Here is a problem I need help getting started with. I am brand new to algebraic geometry.
Let $C$ be a projective non-singular irreducible curve of genus $g$. Let $P_0\in C$. Prove
that any divisor $D \in Div(C)$ is linearly equivalent to a divisor of the form $D_0 – nP_0$,
where $D_0\ge 0$ has degree $g$. Of course, $n=g-\deg D$. Would $D_0$ have to be canonical?
I am given the Riemann-Roch Theorem but I don't know how to connect this question to the dimensions of the Riemann-Roch spaces.
What theorems should I be thinking about? Thanks.
Best Answer
Write $D'=D+(g-deg(D))P_0$ so the problem is to show that $D'$ is equivalente to a effective divisor, note that $deg(D')=g$ by Riemann-Roch theorem we have $$ \dim L(D')\geq 1 $$
take $f\in L(D')$ so by definition $D_0=div(f)+D'\geq 0$ and $D_0$ is equivalent to $D'$.

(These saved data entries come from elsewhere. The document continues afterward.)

(* Under the hypotheses of the following setting, let $a>0$ be such that for every $\mathfrak{z}\in\mathbb{C}\setminus[a,\infty)$ and every $\epsilon\in I$ the function $h^\epsilon-\mathfrak{z}1$ has a $\sharp^{B^\epsilon}$-inverse $r^\epsilon_{\mathfrak z}\in\mathfrak{F}[\mathfrak{L}]$ and $(\epsilon,X)\mapsto r^\epsilon_{\mathfrak z}(X)$ belongs to $\mathfrak{F}[\widetilde{\mathfrak{L}}]$ (such $a$ exists). Setting: $I$ compact interval, $m>0$, $\{h^\epsilon\}$ real-valued with $h^\epsilon\in S^m_{1,\mathsf{ell}}(\Xi)$, $\epsilon\mapsto h^\epsilon\in S^m_1(\Xi)$ Fréchet-continuous, $h^\epsilon\ge -C$ uniformly; $\{B^\epsilon\}$ magnetic fields with components in $BC^\infty(\mathcal{X})$ depending continuously on $\epsilon$ in the Fréchet topology. Then for each such $\mathfrak{z}$ the map $I\ni\epsilon\mapsto r^\epsilon_{\mathfrak z}\in\mathfrak{F}[\mathfrak{L}]$ is continuous for the norm $\|G\|_{\mathfrak{F}(\mathfrak{L})}:=\int_{\mathcal X}dy\,\sup_{x\in\mathcal{X}}|(\mathfrak{F}^-G)(x,y)|$.
   Context: Notation: $\mathcal{X}=\mathbb{R}^n$, $\Xi=\mathcal{X}\times\mathcal{X}^*$, points $X=(x,\xi)$; $\sigma(Y,Z)=z\cdot\eta-y\cdot\zeta$. $S^m_1(\Xi)$: smooth $f$ with $|\partial_x^a\partial_\xi^\alpha f|\le C_{a\alpha}\langle\xi\rangle^{m-|\alpha|}$, with the associated Fréchet seminorms; elliptic: $|f|\ge C\langle\xi\rangle^m$ for $|\xi|$ large. Magnetic Moyal product: with $\Gamma^B(x,y,z):=4\sum_{j,k}y_jz_k\int_0^1ds\int_0^{1-s}dt\,B_{jk}(x-y-z+2sy+2tz)$, $(f\sharp^Bg)(X)=\pi^{-2n}\int\int dYdZ\,e^{-2i\sigma(Y,Z)}e^{-i\Gamma^B(x,y,z)}f(X-Y)g(X-Z)$, extended by duality to the magnetic Moyal algebra $\mathfrak{M}^B(\Xi)\supset S^m_1(\Xi)$ with unit $1$. $[\mathfrak{F}^-f](x,y)=\int d\xi\,e^{i\xi\cdot y}f(x,\xi)$, $\mathfrak{F}$ its inverse. $\mathfrak{L}=L^1(\mathcal{X};BC_u(\mathcal{X}))$: functions $\phi(x,y)$ with norm $\int dy\sup_x|\phi(x,y)|$ ($BC_u$: bounded uniformly continuous), $\mathfrak F[\mathfrak L]=\{f:\mathfrak F^-f\in\mathfrak L\}$. $\widetilde{\mathfrak{L}}$: completion of $C_c(\mathcal{X};C(I;BC_u(\mathcal{X})))$ in the norm $\int dy\sup_\epsilon\sup_x|\tilde\phi(\epsilon,x,y)|$; $\mathfrak F[\widetilde{\mathfrak L}]$: functions on $I\times\Xi$ whose partial Fourier transform in $\xi$ lies in $\widetilde{\mathfrak L}$. *)

theory Defs
  imports "HOL-Analysis.Analysis"
begin

definition dpart :: "'a::real_normed_vector \<Rightarrow> ('a \<Rightarrow> 'b::real_normed_vector) \<Rightarrow> 'a \<Rightarrow> 'b" where
  "dpart v f X = vector_derivative (\<lambda>t. f (X + t *\<^sub>R v)) (at 0)"

fun iter_d :: "'a::real_normed_vector list \<Rightarrow> ('a \<Rightarrow> 'b::real_normed_vector) \<Rightarrow> 'a \<Rightarrow> 'b" where
  "iter_d [] f = f"
| "iter_d (v # vs) f = dpart v (iter_d vs f)"

definition smooth :: "('a::euclidean_space \<Rightarrow> 'b::real_normed_vector) \<Rightarrow> bool" where
  "smooth f \<longleftrightarrow> (\<forall>vs. set vs \<subseteq> Basis \<longrightarrow> (\<forall>X. iter_d vs f differentiable at X))"

type_synonym ('n) phase = "(real^'n) \<times> (real^'n)"

definition jbr :: "real^'n::finite \<Rightarrow> real" where
  "jbr \<xi> = sqrt (1 + (norm \<xi>)\<^sup>2)"

text \<open>number of derivatives in the momentum (xi) variables\<close>
definition xi_count :: "'n::finite phase list \<Rightarrow> nat" where
  "xi_count vs = length (filter (\<lambda>v. fst v = 0) vs)"

definition S1 :: "real \<Rightarrow> ('n::finite phase \<Rightarrow> complex) \<Rightarrow> bool" where
  "S1 m f \<longleftrightarrow> smooth f \<and>
     (\<forall>vs. set vs \<subseteq> Basis \<longrightarrow>
        (\<exists>C. \<forall>X. cmod (iter_d vs f X) \<le> C * jbr (snd X) powr (m - real (xi_count vs))))"

definition elliptic :: "real \<Rightarrow> ('n::finite phase \<Rightarrow> complex) \<Rightarrow> bool" where
  "elliptic m f \<longleftrightarrow> (\<exists>C>0. \<exists>R. \<forall>X. norm (snd X) \<ge> R \<longrightarrow> cmod (f X) \<ge> C * jbr (snd X) powr m)"

definition S1_seminorm :: "real \<Rightarrow> 'n::finite phase list \<Rightarrow> ('n phase \<Rightarrow> complex) \<Rightarrow> real" where
  "S1_seminorm m vs f = (SUP X. cmod (iter_d vs f X) / jbr (snd X) powr (m - real (xi_count vs)))"

definition S1_cont :: "real \<Rightarrow> real set \<Rightarrow> (real \<Rightarrow> 'n::finite phase \<Rightarrow> complex) \<Rightarrow> bool" where
  "S1_cont m I h \<longleftrightarrow> (\<forall>vs. set vs \<subseteq> Basis \<longrightarrow> (\<forall>\<epsilon>0\<in>I.
      ((\<lambda>\<epsilon>. S1_seminorm m vs (\<lambda>X. h \<epsilon> X - h \<epsilon>0 X)) \<longlongrightarrow> 0) (at \<epsilon>0 within I)))"

definition BCinf :: "('a::euclidean_space \<Rightarrow> real) \<Rightarrow> bool" where
  "BCinf f \<longleftrightarrow> smooth f \<and> (\<forall>vs. set vs \<subseteq> Basis \<longrightarrow> bounded (range (iter_d vs f)))"

definition BC_seminorm :: "'a::euclidean_space list \<Rightarrow> ('a \<Rightarrow> real) \<Rightarrow> real" where
  "BC_seminorm vs f = (SUP x. \<bar>iter_d vs f x\<bar>)"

rmk$_1$: $L(A)=\{f\in \mathcal{M}(X):\textrm{ }ord_p(f)\geq A(p)\}$, and $div(f)=\sum_p ord_p(f)p$ is the divisor associated to a meromorphic function.
rmk$_2$: Of course that $deg(D_0)=g$ because the $deg(div(f))=0$.
rmk$_3$: $X$ just need to be a compact Riemann surface of genus $g$.